# Exercise directions
Using the records that follow, count the lines containing the word "endpoint" and give that number only.

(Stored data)
......

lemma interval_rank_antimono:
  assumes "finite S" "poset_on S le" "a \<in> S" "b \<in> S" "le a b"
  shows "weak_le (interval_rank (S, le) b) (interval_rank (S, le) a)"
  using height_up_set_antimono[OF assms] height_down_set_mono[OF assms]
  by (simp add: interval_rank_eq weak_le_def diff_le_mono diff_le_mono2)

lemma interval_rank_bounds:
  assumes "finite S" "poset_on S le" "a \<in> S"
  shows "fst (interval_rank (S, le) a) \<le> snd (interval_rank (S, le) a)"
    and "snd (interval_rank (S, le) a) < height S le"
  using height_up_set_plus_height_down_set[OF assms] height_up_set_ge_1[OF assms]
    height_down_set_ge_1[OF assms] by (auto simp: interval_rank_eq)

......

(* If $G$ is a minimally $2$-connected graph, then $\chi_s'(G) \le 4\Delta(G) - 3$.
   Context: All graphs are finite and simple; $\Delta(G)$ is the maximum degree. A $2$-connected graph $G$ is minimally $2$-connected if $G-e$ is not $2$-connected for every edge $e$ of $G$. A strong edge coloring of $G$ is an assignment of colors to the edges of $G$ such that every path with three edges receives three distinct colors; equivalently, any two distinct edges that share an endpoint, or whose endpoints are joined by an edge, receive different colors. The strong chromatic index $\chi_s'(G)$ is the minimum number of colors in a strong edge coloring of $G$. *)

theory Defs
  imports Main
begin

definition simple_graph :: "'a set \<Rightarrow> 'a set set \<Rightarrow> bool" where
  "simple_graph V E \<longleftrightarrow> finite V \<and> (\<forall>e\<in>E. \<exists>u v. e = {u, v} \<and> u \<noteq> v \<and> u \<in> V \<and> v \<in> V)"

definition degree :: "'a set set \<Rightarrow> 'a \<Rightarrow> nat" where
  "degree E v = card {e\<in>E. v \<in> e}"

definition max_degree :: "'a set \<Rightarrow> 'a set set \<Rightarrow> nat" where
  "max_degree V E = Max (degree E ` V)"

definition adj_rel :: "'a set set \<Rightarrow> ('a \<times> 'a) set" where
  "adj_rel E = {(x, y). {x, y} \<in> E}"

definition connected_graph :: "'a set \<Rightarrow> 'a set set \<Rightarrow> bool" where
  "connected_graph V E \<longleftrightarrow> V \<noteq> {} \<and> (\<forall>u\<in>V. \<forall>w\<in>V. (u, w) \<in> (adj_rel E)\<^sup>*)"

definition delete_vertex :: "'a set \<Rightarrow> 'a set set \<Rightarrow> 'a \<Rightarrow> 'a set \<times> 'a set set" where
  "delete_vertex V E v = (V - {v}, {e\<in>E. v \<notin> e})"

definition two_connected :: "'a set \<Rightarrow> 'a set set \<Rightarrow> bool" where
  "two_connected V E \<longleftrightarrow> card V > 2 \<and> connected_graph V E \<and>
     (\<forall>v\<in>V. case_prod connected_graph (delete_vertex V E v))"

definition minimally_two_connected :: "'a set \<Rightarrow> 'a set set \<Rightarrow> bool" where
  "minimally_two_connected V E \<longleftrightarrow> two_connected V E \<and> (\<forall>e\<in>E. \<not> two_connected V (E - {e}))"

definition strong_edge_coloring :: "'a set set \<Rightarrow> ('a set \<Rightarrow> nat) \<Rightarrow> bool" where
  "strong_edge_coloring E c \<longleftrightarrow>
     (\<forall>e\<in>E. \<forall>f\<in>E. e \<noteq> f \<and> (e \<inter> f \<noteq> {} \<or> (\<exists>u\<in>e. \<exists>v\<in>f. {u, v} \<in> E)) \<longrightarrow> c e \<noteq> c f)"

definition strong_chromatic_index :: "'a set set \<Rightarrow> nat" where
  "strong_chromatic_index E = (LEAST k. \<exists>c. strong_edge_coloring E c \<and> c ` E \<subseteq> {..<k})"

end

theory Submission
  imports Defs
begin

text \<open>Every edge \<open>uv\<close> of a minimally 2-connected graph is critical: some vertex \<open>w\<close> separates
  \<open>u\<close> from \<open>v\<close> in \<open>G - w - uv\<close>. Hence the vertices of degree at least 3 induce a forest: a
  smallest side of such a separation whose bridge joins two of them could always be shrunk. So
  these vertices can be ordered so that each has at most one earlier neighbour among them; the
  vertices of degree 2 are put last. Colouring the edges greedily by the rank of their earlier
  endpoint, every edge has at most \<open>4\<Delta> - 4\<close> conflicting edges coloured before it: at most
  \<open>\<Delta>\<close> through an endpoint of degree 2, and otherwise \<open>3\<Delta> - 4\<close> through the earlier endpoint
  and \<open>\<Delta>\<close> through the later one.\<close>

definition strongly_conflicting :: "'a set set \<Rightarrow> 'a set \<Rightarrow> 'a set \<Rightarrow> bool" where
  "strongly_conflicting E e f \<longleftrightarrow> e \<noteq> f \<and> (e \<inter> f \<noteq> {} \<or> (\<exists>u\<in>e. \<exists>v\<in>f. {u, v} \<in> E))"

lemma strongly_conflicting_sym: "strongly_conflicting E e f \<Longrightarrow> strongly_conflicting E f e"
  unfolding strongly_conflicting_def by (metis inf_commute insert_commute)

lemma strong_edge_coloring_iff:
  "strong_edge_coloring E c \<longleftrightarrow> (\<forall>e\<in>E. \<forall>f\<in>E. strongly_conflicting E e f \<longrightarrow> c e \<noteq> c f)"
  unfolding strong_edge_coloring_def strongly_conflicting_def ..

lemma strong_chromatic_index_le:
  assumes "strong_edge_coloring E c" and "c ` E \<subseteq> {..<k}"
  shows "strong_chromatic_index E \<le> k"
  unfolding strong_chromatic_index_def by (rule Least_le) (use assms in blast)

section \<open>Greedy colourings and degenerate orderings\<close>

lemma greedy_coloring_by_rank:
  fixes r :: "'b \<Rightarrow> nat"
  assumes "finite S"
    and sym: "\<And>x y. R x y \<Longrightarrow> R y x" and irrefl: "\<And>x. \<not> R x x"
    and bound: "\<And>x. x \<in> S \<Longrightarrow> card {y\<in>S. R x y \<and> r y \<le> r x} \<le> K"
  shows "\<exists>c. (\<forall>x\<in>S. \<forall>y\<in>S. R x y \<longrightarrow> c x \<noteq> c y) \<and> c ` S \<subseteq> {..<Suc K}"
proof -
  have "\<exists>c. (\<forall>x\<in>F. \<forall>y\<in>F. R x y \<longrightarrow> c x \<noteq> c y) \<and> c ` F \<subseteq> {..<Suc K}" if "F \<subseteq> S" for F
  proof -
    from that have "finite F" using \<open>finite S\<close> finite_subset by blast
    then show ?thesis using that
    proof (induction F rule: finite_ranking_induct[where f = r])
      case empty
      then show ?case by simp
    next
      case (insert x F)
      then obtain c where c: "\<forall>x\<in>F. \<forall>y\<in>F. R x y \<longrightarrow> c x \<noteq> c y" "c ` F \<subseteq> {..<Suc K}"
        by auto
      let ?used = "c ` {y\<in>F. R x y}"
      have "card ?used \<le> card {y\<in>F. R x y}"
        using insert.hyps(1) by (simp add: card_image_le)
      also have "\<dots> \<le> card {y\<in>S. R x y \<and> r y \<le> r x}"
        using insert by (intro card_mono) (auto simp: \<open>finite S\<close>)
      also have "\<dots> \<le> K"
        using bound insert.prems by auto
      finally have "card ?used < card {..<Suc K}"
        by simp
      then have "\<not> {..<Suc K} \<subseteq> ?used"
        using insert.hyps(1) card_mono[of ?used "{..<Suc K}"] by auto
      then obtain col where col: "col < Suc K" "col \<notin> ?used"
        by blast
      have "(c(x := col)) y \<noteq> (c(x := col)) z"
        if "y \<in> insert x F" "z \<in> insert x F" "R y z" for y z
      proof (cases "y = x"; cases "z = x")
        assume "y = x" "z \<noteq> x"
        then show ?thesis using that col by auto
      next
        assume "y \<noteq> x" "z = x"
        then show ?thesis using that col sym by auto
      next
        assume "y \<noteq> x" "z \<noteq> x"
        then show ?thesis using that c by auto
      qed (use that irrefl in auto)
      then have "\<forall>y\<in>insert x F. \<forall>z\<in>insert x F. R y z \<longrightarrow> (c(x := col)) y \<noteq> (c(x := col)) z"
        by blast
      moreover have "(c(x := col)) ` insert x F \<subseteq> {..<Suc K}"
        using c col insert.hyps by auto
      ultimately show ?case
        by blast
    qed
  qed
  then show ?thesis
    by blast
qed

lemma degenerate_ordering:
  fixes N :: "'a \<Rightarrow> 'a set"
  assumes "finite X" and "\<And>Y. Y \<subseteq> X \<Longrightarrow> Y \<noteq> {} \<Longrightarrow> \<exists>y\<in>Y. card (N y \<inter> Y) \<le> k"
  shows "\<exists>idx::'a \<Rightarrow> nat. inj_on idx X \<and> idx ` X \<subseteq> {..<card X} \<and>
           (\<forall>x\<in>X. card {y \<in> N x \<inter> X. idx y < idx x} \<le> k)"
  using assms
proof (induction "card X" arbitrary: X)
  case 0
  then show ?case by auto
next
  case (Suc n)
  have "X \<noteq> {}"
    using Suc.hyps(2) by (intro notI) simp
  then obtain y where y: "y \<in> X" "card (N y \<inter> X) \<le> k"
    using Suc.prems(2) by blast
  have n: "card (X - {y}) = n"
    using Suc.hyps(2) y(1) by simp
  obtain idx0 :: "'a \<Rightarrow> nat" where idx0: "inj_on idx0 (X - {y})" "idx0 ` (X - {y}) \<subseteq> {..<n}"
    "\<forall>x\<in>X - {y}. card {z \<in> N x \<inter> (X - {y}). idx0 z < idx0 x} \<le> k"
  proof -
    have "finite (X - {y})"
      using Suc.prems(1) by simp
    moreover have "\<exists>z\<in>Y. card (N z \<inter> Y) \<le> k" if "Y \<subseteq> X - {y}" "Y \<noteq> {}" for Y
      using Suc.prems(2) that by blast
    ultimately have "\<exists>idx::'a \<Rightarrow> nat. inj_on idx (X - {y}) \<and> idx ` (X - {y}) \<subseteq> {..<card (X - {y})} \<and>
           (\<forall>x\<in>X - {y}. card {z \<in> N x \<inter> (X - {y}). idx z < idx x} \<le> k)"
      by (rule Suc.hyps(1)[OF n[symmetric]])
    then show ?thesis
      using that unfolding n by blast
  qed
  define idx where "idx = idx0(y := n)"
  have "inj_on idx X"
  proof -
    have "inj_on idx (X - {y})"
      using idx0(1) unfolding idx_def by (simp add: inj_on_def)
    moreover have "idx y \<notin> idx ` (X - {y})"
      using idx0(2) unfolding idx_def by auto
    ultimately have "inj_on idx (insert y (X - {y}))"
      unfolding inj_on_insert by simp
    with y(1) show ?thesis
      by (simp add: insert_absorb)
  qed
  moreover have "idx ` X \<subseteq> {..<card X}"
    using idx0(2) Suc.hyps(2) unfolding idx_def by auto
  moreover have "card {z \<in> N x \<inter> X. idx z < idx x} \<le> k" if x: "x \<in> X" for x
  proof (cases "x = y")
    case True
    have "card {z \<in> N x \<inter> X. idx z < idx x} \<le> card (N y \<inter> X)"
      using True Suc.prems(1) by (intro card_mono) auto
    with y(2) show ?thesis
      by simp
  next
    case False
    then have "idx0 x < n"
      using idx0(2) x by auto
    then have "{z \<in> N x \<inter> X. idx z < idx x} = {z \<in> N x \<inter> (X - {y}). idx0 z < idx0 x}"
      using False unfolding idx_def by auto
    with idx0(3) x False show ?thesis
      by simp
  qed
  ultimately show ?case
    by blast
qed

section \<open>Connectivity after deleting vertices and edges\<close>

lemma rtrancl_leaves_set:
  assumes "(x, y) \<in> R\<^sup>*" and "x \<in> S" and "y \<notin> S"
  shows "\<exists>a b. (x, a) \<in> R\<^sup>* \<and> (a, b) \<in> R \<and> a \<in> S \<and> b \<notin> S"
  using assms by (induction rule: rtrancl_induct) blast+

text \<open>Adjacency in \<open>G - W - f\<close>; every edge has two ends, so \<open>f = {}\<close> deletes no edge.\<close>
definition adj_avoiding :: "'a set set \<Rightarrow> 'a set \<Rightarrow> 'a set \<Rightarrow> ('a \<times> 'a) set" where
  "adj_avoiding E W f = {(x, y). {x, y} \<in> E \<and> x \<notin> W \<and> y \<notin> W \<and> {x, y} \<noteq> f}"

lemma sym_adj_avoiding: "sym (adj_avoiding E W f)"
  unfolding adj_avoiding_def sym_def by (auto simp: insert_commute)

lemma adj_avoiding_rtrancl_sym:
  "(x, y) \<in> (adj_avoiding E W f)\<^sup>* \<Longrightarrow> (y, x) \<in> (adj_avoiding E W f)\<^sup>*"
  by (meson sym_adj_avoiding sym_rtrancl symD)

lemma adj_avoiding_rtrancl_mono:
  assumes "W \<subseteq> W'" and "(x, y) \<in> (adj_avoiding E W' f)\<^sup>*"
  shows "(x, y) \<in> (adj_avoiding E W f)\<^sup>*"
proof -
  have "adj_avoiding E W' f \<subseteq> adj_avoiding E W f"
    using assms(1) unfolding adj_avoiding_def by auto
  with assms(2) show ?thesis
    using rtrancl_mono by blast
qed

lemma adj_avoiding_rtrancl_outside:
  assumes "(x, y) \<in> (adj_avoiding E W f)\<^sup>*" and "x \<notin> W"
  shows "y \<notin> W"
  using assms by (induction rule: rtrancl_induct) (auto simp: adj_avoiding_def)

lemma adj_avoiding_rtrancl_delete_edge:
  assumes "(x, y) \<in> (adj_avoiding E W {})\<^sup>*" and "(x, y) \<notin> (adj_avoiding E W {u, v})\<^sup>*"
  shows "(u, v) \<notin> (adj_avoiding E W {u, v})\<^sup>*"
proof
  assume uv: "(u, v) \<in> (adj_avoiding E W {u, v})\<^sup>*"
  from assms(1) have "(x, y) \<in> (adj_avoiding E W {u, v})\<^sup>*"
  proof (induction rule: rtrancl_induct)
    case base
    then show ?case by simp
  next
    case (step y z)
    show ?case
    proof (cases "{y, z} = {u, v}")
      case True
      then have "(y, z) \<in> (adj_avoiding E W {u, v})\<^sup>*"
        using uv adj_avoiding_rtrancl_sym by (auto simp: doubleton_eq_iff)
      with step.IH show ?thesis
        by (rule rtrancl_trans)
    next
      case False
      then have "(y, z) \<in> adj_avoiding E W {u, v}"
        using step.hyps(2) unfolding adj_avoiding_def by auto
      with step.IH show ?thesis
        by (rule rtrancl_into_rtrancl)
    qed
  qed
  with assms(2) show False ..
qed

......

# Written reply
3